#### TASK BRIEF
Search the records for lines with the word "subseteq" and copy each match.

(AVAILABLE DATA Opens)

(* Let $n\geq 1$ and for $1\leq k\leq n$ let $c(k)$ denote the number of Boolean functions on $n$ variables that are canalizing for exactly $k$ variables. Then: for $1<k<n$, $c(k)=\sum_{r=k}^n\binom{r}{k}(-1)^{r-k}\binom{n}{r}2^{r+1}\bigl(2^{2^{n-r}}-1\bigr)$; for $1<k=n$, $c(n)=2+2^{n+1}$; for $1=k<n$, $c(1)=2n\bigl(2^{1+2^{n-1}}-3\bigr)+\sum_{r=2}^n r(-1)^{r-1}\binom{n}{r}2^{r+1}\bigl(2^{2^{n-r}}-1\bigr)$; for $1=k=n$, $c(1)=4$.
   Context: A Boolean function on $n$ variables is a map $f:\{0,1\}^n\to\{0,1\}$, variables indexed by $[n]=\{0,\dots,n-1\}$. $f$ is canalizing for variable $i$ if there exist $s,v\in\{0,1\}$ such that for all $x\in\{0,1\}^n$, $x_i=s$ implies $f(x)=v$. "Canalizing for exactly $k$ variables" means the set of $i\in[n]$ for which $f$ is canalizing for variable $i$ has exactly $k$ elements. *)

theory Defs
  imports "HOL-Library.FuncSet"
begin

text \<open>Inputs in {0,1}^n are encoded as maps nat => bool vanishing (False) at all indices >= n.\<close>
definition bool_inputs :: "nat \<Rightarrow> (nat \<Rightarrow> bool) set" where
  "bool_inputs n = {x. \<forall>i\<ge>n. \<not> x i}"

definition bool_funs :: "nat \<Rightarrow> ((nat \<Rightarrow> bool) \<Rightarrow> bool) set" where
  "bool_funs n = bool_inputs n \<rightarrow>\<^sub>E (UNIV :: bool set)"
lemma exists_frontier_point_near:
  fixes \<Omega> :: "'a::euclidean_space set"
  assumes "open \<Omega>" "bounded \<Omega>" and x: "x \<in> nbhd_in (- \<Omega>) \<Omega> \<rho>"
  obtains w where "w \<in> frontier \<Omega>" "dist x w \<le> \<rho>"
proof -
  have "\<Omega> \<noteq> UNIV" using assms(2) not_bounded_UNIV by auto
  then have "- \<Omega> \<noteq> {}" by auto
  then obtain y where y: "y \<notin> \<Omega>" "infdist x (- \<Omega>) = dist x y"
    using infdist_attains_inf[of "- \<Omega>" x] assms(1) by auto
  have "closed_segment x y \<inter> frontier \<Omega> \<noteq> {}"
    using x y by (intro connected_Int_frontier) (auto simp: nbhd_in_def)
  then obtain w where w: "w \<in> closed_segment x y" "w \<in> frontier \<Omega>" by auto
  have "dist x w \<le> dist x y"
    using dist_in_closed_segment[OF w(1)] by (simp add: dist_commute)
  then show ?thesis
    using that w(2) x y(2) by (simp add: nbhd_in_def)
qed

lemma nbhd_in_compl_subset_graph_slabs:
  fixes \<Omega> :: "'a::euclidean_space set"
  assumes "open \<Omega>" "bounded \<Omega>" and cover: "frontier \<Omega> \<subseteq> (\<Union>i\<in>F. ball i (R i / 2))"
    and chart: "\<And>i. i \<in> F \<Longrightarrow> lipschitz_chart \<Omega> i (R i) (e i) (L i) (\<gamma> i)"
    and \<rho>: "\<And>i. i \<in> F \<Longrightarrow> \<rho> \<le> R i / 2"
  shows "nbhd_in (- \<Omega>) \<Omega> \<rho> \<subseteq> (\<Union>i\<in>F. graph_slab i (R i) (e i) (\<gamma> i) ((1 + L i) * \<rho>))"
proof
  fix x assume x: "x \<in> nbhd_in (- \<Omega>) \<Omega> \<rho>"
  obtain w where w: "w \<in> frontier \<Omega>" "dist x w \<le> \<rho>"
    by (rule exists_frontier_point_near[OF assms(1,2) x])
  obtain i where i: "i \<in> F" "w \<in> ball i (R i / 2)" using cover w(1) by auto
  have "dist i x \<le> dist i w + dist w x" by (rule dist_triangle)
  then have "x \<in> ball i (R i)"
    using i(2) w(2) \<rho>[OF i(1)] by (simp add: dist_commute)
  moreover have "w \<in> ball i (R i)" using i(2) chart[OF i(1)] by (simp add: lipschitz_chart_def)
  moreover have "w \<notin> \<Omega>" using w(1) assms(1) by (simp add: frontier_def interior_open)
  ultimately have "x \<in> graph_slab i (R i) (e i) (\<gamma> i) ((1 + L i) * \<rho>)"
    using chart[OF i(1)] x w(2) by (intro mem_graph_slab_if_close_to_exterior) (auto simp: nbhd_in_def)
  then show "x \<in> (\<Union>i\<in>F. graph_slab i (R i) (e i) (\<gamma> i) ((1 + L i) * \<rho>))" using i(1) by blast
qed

(AVAILABLE DATA Closes)

#### ANSWER
  assumes "open \<Omega>" "bounded \<Omega>" and cover: "frontier \<Omega> \<subseteq> (\<Union>i\<in>F. ball i (R i / 2))"
  shows "nbhd_in (- \<Omega>) \<Omega> \<rho> \<subseteq> (\<Union>i\<in>F. graph_slab i (R i) (e i) (\<gamma> i) ((1 + L i) * \<rho>))"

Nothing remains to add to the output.